* What to do
Filter the entries that follow, copying every line in which the word "ultimately" appears.

##### Extracted data #####

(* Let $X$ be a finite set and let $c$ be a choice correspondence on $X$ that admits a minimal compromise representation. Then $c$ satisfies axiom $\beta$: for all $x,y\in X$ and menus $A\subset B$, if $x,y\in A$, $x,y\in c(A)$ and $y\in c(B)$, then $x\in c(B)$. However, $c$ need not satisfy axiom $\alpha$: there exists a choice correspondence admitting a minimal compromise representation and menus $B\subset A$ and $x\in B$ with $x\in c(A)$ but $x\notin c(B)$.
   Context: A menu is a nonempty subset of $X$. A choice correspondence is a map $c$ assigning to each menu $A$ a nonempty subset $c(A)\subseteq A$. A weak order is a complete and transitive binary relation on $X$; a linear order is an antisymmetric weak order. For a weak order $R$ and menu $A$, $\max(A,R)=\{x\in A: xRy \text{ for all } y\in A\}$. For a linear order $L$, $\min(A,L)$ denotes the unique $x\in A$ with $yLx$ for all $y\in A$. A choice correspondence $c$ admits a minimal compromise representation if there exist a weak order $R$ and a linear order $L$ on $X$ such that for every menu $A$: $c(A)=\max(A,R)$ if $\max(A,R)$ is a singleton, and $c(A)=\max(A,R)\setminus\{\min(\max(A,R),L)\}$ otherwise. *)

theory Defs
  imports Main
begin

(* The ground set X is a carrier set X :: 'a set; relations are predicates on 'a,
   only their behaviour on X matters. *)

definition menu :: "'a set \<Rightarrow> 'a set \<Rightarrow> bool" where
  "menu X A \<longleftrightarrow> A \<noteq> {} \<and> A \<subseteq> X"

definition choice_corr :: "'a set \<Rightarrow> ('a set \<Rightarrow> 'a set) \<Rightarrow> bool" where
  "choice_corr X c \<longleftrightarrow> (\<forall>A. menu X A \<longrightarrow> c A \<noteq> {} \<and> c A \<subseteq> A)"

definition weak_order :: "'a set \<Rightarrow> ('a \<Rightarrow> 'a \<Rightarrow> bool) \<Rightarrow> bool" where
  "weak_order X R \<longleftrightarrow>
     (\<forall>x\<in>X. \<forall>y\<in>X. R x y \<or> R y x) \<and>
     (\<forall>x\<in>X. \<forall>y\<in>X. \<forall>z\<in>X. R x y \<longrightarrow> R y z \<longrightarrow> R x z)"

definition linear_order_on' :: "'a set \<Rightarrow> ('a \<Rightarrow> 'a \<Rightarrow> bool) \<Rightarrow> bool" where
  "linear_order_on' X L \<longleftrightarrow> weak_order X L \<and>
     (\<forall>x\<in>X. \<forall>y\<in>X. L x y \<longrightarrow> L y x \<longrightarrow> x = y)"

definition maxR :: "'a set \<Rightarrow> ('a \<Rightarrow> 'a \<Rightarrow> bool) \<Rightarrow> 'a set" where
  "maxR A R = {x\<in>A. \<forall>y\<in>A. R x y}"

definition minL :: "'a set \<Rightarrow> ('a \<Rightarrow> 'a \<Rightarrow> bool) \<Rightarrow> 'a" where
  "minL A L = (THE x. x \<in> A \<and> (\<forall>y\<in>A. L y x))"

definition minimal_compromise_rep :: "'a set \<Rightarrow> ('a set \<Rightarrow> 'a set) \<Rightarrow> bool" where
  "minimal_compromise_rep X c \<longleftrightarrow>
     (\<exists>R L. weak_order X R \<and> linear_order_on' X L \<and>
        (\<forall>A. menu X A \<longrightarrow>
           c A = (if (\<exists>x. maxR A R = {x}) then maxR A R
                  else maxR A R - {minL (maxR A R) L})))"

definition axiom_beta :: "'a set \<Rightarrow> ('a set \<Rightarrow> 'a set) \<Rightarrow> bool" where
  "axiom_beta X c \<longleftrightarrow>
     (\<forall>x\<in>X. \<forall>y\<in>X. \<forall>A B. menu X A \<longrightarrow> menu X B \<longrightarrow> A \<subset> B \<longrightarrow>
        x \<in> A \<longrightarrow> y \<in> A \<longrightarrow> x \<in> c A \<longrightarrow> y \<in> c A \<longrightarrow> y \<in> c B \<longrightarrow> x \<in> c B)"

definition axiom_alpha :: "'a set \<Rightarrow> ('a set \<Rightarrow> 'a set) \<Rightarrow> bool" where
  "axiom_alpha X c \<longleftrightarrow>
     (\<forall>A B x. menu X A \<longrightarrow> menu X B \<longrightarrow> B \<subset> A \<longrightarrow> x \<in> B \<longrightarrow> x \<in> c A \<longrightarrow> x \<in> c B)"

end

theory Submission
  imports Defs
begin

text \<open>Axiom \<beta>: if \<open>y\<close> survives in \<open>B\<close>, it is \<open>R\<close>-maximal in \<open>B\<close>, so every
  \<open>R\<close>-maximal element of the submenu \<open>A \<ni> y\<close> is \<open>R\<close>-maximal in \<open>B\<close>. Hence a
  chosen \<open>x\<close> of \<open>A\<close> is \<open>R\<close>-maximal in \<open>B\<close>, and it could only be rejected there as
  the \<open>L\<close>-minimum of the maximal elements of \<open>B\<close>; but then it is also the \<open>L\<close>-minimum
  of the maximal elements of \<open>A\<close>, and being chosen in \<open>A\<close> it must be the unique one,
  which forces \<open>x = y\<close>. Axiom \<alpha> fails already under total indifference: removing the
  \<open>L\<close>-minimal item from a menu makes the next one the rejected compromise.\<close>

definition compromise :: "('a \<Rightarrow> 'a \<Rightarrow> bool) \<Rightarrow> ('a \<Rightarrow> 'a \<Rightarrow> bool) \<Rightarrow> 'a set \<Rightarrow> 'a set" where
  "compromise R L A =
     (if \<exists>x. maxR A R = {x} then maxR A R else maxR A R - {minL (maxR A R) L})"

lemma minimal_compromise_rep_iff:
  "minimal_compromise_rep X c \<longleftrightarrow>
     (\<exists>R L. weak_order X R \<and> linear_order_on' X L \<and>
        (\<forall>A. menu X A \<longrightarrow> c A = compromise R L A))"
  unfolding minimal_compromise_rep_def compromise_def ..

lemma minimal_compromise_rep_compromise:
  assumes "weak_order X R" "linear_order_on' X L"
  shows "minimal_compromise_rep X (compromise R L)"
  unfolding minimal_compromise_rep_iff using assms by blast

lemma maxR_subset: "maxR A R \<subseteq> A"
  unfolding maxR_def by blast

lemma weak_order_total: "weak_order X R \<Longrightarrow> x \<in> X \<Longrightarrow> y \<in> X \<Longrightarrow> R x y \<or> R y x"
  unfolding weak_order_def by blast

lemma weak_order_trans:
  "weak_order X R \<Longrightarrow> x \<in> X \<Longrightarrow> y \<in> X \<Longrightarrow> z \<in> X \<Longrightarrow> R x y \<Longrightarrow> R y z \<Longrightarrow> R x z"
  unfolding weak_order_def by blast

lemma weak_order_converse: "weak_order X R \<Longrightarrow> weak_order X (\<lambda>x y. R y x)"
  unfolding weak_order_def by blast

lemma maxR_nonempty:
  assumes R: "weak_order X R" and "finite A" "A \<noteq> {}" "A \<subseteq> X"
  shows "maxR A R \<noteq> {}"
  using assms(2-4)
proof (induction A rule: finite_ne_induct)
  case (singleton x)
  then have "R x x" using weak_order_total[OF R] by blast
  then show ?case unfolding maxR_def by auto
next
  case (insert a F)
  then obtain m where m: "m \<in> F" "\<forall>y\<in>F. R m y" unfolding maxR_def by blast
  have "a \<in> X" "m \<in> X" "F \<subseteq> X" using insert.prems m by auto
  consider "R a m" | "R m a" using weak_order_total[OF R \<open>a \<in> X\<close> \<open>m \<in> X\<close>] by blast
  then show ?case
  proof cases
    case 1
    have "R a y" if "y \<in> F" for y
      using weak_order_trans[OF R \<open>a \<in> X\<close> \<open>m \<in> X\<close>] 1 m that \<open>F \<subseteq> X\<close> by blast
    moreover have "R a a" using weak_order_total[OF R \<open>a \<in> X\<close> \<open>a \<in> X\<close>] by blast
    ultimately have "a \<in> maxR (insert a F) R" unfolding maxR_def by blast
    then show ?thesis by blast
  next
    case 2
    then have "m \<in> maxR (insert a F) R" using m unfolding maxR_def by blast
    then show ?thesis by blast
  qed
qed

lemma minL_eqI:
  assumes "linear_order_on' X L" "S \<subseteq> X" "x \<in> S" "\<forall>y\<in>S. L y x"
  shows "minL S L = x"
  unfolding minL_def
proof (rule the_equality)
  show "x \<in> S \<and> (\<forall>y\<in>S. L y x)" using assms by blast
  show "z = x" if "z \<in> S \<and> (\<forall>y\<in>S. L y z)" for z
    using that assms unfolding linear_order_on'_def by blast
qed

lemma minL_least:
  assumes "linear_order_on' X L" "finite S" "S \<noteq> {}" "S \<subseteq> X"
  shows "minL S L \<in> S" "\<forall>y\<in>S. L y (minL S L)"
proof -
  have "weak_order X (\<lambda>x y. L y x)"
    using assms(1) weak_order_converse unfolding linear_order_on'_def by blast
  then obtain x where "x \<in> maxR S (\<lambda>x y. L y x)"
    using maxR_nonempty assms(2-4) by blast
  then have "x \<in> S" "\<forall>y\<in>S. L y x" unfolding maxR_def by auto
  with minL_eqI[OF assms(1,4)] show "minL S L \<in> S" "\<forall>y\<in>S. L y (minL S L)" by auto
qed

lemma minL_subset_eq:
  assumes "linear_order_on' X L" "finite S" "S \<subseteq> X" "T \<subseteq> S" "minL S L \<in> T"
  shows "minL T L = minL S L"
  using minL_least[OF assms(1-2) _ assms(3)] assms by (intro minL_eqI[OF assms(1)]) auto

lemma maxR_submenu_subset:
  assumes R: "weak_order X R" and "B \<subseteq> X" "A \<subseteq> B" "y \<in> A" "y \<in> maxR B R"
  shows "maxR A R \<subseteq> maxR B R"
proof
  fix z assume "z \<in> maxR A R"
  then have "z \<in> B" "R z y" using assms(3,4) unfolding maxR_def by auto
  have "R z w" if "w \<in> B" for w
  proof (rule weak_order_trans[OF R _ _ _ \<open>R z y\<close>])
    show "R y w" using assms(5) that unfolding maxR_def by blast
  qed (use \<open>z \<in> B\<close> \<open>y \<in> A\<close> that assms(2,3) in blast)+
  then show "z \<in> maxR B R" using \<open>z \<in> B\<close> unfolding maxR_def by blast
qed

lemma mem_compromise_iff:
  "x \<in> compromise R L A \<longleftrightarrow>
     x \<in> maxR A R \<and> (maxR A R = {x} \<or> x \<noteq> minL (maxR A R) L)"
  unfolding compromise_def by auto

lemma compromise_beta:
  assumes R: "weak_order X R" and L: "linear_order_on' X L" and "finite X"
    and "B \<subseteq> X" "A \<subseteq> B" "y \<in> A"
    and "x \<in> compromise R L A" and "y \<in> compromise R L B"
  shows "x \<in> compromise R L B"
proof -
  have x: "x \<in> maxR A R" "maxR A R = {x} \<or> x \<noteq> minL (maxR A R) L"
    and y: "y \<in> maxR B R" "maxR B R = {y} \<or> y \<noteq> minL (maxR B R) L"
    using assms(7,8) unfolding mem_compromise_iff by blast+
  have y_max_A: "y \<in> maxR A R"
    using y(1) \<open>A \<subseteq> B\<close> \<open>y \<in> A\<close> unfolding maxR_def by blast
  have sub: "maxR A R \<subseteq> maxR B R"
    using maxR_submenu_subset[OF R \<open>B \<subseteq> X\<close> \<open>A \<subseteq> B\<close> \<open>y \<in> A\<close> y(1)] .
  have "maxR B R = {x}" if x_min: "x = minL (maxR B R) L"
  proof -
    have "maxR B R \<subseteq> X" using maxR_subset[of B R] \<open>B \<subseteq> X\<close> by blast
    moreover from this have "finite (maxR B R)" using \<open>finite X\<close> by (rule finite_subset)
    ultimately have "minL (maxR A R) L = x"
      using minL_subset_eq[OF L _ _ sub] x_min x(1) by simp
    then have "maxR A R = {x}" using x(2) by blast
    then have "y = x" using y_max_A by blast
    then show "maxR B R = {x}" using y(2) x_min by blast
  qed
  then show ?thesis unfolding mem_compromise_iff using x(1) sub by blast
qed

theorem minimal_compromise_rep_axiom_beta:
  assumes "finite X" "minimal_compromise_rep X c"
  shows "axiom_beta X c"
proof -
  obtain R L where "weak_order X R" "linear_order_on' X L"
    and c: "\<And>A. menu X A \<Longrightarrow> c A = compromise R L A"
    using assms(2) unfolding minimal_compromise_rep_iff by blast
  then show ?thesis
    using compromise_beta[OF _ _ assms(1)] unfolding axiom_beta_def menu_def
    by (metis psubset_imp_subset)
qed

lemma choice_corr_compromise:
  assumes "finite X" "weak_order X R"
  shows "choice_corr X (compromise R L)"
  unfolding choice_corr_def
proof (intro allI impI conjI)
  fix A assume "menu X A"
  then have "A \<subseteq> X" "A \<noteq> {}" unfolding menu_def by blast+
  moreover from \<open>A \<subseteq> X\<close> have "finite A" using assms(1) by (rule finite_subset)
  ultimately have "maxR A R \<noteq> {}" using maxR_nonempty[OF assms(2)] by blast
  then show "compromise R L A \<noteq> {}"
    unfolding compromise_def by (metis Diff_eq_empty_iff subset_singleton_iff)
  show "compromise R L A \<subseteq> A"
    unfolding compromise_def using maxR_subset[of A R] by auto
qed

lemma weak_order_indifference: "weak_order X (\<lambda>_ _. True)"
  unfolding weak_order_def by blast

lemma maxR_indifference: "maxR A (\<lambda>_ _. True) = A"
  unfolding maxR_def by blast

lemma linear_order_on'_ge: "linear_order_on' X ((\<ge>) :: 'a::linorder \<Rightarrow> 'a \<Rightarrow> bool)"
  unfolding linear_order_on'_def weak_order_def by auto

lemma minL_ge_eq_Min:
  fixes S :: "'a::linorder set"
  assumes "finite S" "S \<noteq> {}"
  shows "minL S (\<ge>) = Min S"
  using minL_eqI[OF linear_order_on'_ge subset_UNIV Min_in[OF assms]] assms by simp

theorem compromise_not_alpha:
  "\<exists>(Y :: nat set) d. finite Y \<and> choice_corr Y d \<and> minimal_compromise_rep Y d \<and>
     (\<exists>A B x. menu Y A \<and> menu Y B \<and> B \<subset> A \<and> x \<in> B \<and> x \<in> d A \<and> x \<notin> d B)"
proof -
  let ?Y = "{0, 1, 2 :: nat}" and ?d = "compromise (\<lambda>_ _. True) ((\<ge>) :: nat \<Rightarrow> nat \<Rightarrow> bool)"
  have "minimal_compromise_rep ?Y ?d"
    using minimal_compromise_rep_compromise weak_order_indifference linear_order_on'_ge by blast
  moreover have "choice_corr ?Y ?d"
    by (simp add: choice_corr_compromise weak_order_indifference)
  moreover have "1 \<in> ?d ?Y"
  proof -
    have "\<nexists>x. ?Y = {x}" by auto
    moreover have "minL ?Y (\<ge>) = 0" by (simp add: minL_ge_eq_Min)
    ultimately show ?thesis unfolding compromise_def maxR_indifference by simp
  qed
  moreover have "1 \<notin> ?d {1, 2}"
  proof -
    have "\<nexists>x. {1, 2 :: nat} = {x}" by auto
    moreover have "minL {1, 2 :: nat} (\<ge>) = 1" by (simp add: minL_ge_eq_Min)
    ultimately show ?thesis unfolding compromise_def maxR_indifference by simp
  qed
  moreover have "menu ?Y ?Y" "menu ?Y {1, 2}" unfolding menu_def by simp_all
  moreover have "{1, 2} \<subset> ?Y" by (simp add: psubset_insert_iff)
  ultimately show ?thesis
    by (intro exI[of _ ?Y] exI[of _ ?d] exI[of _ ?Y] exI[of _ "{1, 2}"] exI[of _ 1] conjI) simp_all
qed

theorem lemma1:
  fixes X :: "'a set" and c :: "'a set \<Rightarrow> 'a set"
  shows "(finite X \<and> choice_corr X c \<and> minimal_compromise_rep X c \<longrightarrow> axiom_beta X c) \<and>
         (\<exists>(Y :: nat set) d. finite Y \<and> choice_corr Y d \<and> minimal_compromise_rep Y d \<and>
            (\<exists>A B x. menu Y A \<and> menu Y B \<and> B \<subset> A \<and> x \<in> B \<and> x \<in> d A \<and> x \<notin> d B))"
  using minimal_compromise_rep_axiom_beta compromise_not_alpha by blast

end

#####

* Response area
    ultimately have "a \<in> maxR (insert a F) R" unfolding maxR_def by blast
    ultimately have "minL (maxR A R) L = x"
  ultimately have "maxR A R \<noteq> {}" using maxR_nonempty[OF assms(2)] by blast
    ultimately show ?thesis unfolding compromise_def maxR_indifference by simp
    ultimately show ?thesis unfolding compromise_def maxR_indifference by simp
  ultimately show ?thesis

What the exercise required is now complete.